§ The problem: Retype each line below precisely.

==========

lemma prob_concentration_failure_le:
  fixes \<theta> :: "(real, 'k::{finite,linorder}) vec" and prule :: "(real, 'k) vec \<Rightarrow> (real, 'k) vec"
    and k :: nat
  assumes env: "bandit_env M \<theta> X U" and ws: "wstar_selection prule sel"
    and sel: "sel \<in> borel_measurable borel" and fs: "fair_setting prule pic p0 K'"
    and \<epsilon>: "0 < \<epsilon>" and T: "1 \<le> T"
  defines "d \<equiv> nat \<lfloor>real T powr (1/16)\<rfloor>" and "C \<equiv> fact (2 * k) / (2 ^ k * fact k)"
  shows "measure M (concentration_failure M sel pic dflt X U \<theta> \<epsilon> T)
    \<le> CARD('k) * (d * exp (- (p0 / 8 * d)) + T * (C / (d * \<epsilon>\<^sup>2) ^ k))"
proof -
  interpret prob_space M by (rule bandit_env_prob_space[OF env])
  define few where "few a = {\<omega>\<in>space M. ftas_pulls sel pic dflt X U (nat \<lceil>real T powr (1/4)\<rceil>) \<omega> a < d}" for a
  define dev where "dev a = (\<Union>n\<in>{d..T}. {\<omega>\<in>space M. \<epsilon> < \<bar>(\<Sum>i<n. X a i \<omega>) / n - \<theta>$a\<bar>})" for a
  have d: "1 \<le> d" using root16_floor_bounds(1)[OF T] by (simp add: d_def)
  have [measurable]: "X a i \<in> borel_measurable M" for a i
    by (rule bandit_env_reward_measurable[OF env])
  have sets: "few a \<in> events" "dev a \<in> events" for a
    unfolding few_def dev_def using sets_ftas_pulls[OF env sel, where P="\<lambda>N _. N a < d"] by auto
  have "prob (concentration_failure M sel pic dflt X U \<theta> \<epsilon> T) \<le> prob (\<Union>a. few a \<union> dev a)"
  proof (rule finite_measure_mono)
    show "concentration_failure M sel pic dflt X U \<theta> \<epsilon> T \<subseteq> (\<Union>a. few a \<union> dev a)"
      unfolding few_def dev_def by (rule concentration_failure_subset[OF d])
  qed (use sets in auto)
  also have "\<dots> \<le> (\<Sum>a\<in>UNIV. prob (few a) + prob (dev a))"
    using sets by (intro order.trans[OF finite_measure_subadditive_finite] sum_mono measure_Un_le) auto
  also have "\<dots> \<le> (\<Sum>a\<in>(UNIV::'k set). d * exp (- (p0 / 8 * d)) + T * (C / (d * \<epsilon>\<^sup>2) ^ k))"
    unfolding few_def dev_def d_def C_def
    by (intro sum_mono add_mono prob_few_pulls_early[OF env ws sel fs T]
        prob_sample_mean_deviation_union[OF env _ \<epsilon>] root16_floor_bounds(1)[OF T])
  finally show ?thesis by simp
qed

lemma failure_bound_eventually_le:
  fixes p0 \<epsilon> \<alpha> K :: real
  assumes p0: "0 < p0" and \<epsilon>: "0 < \<epsilon>" and \<alpha>: "0 < \<alpha>" and K: "0 \<le> K"
    and k: "16 + 16 * \<alpha> < real k"
  defines "C \<equiv> fact (2 * k) / (2 ^ k * fact k)"
    and "d \<equiv> \<lambda>T. nat \<lfloor>real T powr (1/16)\<rfloor>"
  shows "eventually (\<lambda>T. K * (d T * exp (- (p0 / 8 * d T)) + T * (C / (d T * \<epsilon>\<^sup>2) ^ k))
    \<le> 1 / real T powr \<alpha>) sequentially"
proof -
  define F where "F x = K * (x * exp (- (p0 / 8 * x)) + (2 * x) ^ 16 * (C / (x * \<epsilon>\<^sup>2) powr real k))
    * (2 * x) powr (16 * \<alpha>)" for x
  \<comment> \<open>Since T is at most (2 d T)^16, F (d T) dominates the bound multiplied by T powr \<alpha>.\<close>
  have "(F \<longlongrightarrow> 0) at_top"
    unfolding F_def using p0 \<epsilon> k by real_asymp
  then have "eventually (\<lambda>x. 1 \<le> x \<and> F x < 1) at_top"
    by (intro eventually_conj eventually_ge_at_top order_tendstoD(2)) auto
  then have "eventually (\<lambda>T. 1 \<le> real (d T) \<and> F (d T) < 1) sequentially"
    unfolding d_def by (rule eventually_compose_filterlim[OF _ filterlim_nat_floor_root16])
  moreover have "eventually (\<lambda>T. 1 \<le> T) sequentially"
    by (rule eventually_ge_at_top)
  ultimately show ?thesis
  proof eventually_elim
    case (elim T)
    then have x: "1 \<le> real (d T)" "F (d T) < 1" and T: "1 \<le> T" by auto
    have "d T = nat \<lfloor>real T powr (1/16)\<rfloor>" by (simp add: d_def)
    note bounds = root16_floor_bounds[OF T, folded this]
    have T_le: "real T \<le> (2 * real (d T)) ^ 16"
      using bounds(4) power_mono[of "real (d T) + 1" "2 * real (d T)" 16] x(1) by simp
    have T_pow: "real T powr \<alpha> \<le> (2 * real (d T)) powr (16 * \<alpha>)"
      using powr_le_powr_of_le_power[OF _ T_le, of \<alpha>] x(1) \<alpha> by simp
    have "K * (d T * exp (- (p0 / 8 * d T)) + T * (C / (d T * \<epsilon>\<^sup>2) ^ k))
        \<le> K * (d T * exp (- (p0 / 8 * d T)) + (2 * real (d T)) ^ 16 * (C / (d T * \<epsilon>\<^sup>2) powr real k))"
    proof -
      have "(d T * \<epsilon>\<^sup>2) ^ k = (d T * \<epsilon>\<^sup>2) powr real k"
        using x(1) \<epsilon> by (simp add: powr_realpow)
      moreover have "T * (C / (d T * \<epsilon>\<^sup>2) ^ k) \<le> (2 * real (d T)) ^ 16 * (C / (d T * \<epsilon>\<^sup>2) ^ k)"
        by (rule mult_right_mono[OF T_le]) (simp add: C_def)
      ultimately show ?thesis
        using K by (intro mult_left_mono add_left_mono) auto
    qed
    also have "\<dots> = F (d T) / (2 * real (d T)) powr (16 * \<alpha>)"
      using x(1) by (simp add: F_def)
    also have "\<dots> \<le> 1 / (2 * real (d T)) powr (16 * \<alpha>)"
      using x by (intro divide_right_mono) auto
    also have "\<dots> \<le> 1 / real T powr \<alpha>"
      using T_pow T x(1) by (intro divide_left_mono mult_pos_pos) auto
    finally show ?case .
  qed
qed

==========

§ Result of the task:
lemma prob_concentration_failure_le:
  fixes \<theta> :: "(real, 'k::{finite,linorder}) vec" and prule :: "(real, 'k) vec \<Rightarrow> (real, 'k) vec"
    and k :: nat
  assumes env: "bandit_env M \<theta> X U" and ws: "wstar_selection prule sel"
    and sel: "sel \<in> borel_measurable borel" and fs: "fair_setting prule pic p0 K'"
    and \<epsilon>: "0 < \<epsilon>" and T: "1 \<le> T"
  defines "d \<equiv> nat \<lfloor>real T powr (1/16)\<rfloor>" and "C \<equiv> fact (2 * k) / (2 ^ k * fact k)"
  shows "measure M (concentration_failure M sel pic dflt X U \<theta> \<epsilon> T)
    \<le> CARD('k) * (d * exp (- (p0 / 8 * d)) + T * (C / (d * \<epsilon>\<^sup>2) ^ k))"
proof -
  interpret prob_space M by (rule bandit_env_prob_space[OF env])
  define few where "few a = {\<omega>\<in>space M. ftas_pulls sel pic dflt X U (nat \<lceil>real T powr (1/4)\<rceil>) \<omega> a < d}" for a
  define dev where "dev a = (\<Union>n\<in>{d..T}. {\<omega>\<in>space M. \<epsilon> < \<bar>(\<Sum>i<n. X a i \<omega>) / n - \<theta>$a\<bar>})" for a
  have d: "1 \<le> d" using root16_floor_bounds(1)[OF T] by (simp add: d_def)
  have [measurable]: "X a i \<in> borel_measurable M" for a i
    by (rule bandit_env_reward_measurable[OF env])
  have sets: "few a \<in> events" "dev a \<in> events" for a
    unfolding few_def dev_def using sets_ftas_pulls[OF env sel, where P="\<lambda>N _. N a < d"] by auto
  have "prob (concentration_failure M sel pic dflt X U \<theta> \<epsilon> T) \<le> prob (\<Union>a. few a \<union> dev a)"
  proof (rule finite_measure_mono)
    show "concentration_failure M sel pic dflt X U \<theta> \<epsilon> T \<subseteq> (\<Union>a. few a \<union> dev a)"
      unfolding few_def dev_def by (rule concentration_failure_subset[OF d])
  qed (use sets in auto)
  also have "\<dots> \<le> (\<Sum>a\<in>UNIV. prob (few a) + prob (dev a))"
    using sets by (intro order.trans[OF finite_measure_subadditive_finite] sum_mono measure_Un_le) auto
  also have "\<dots> \<le> (\<Sum>a\<in>(UNIV::'k set). d * exp (- (p0 / 8 * d)) + T * (C / (d * \<epsilon>\<^sup>2) ^ k))"
    unfolding few_def dev_def d_def C_def
    by (intro sum_mono add_mono prob_few_pulls_early[OF env ws sel fs T]
        prob_sample_mean_deviation_union[OF env _ \<epsilon>] root16_floor_bounds(1)[OF T])
  finally show ?thesis by simp
qed

lemma failure_bound_eventually_le:
  fixes p0 \<epsilon> \<alpha> K :: real
  assumes p0: "0 < p0" and \<epsilon>: "0 < \<epsilon>" and \<alpha>: "0 < \<alpha>" and K: "0 \<le> K"
    and k: "16 + 16 * \<alpha> < real k"
  defines "C \<equiv> fact (2 * k) / (2 ^ k * fact k)"
    and "d \<equiv> \<lambda>T. nat \<lfloor>real T powr (1/16)\<rfloor>"
  shows "eventually (\<lambda>T. K * (d T * exp (- (p0 / 8 * d T)) + T * (C / (d T * \<epsilon>\<^sup>2) ^ k))
    \<le> 1 / real T powr \<alpha>) sequentially"
proof -
  define F where "F x = K * (x * exp (- (p0 / 8 * x)) + (2 * x) ^ 16 * (C / (x * \<epsilon>\<^sup>2) powr real k))
    * (2 * x) powr (16 * \<alpha>)" for x
  \<comment> \<open>Since T is at most (2 d T)^16, F (d T) dominates the bound multiplied by T powr \<alpha>.\<close>
  have "(F \<longlongrightarrow> 0) at_top"
    unfolding F_def using p0 \<epsilon> k by real_asymp
  then have "eventually (\<lambda>x. 1 \<le> x \<and> F x < 1) at_top"
    by (intro eventually_conj eventually_ge_at_top order_tendstoD(2)) auto
  then have "eventually (\<lambda>T. 1 \<le> real (d T) \<and> F (d T) < 1) sequentially"
    unfolding d_def by (rule eventually_compose_filterlim[OF _ filterlim_nat_floor_root16])
  moreover have "eventually (\<lambda>T. 1 \<le> T) sequentially"
    by (rule eventually_ge_at_top)
  ultimately show ?thesis
  proof eventually_elim
    case (elim T)
    then have x: "1 \<le> real (d T)" "F (d T) < 1" and T: "1 \<le> T" by auto
    have "d T = nat \<lfloor>real T powr (1/16)\<rfloor>" by (simp add: d_def)
    note bounds = root16_floor_bounds[OF T, folded this]
    have T_le: "real T \<le> (2 * real (d T)) ^ 16"
      using bounds(4) power_mono[of "real (d T) + 1" "2 * real (d T)" 16] x(1) by simp
    have T_pow: "real T powr \<alpha> \<le> (2 * real (d T)) powr (16 * \<alpha>)"
      using powr_le_powr_of_le_power[OF _ T_le, of \<alpha>] x(1) \<alpha> by simp
    have "K * (d T * exp (- (p0 / 8 * d T)) + T * (C / (d T * \<epsilon>\<^sup>2) ^ k))
        \<le> K * (d T * exp (- (p0 / 8 * d T)) + (2 * real (d T)) ^ 16 * (C / (d T * \<epsilon>\<^sup>2) powr real k))"
    proof -
      have "(d T * \<epsilon>\<^sup>2) ^ k = (d T * \<epsilon>\<^sup>2) powr real k"
        using x(1) \<epsilon> by (simp add: powr_realpow)
      moreover have "T * (C / (d T * \<epsilon>\<^sup>2) ^ k) \<le> (2 * real (d T)) ^ 16 * (C / (d T * \<epsilon>\<^sup>2) ^ k)"
        by (rule mult_right_mono[OF T_le]) (simp add: C_def)
      ultimately show ?thesis
        using K by (intro mult_left_mono add_left_mono) auto
    qed
    also have "\<dots> = F (d T) / (2 * real (d T)) powr (16 * \<alpha>)"
      using x(1) by (simp add: F_def)
    also have "\<dots> \<le> 1 / (2 * real (d T)) powr (16 * \<alpha>)"
      using x by (intro divide_right_mono) auto
    also have "\<dots> \<le> 1 / real T powr \<alpha>"
      using T_pow T x(1) by (intro divide_left_mono mult_pos_pos) auto
    finally show ?case .
  qed
qed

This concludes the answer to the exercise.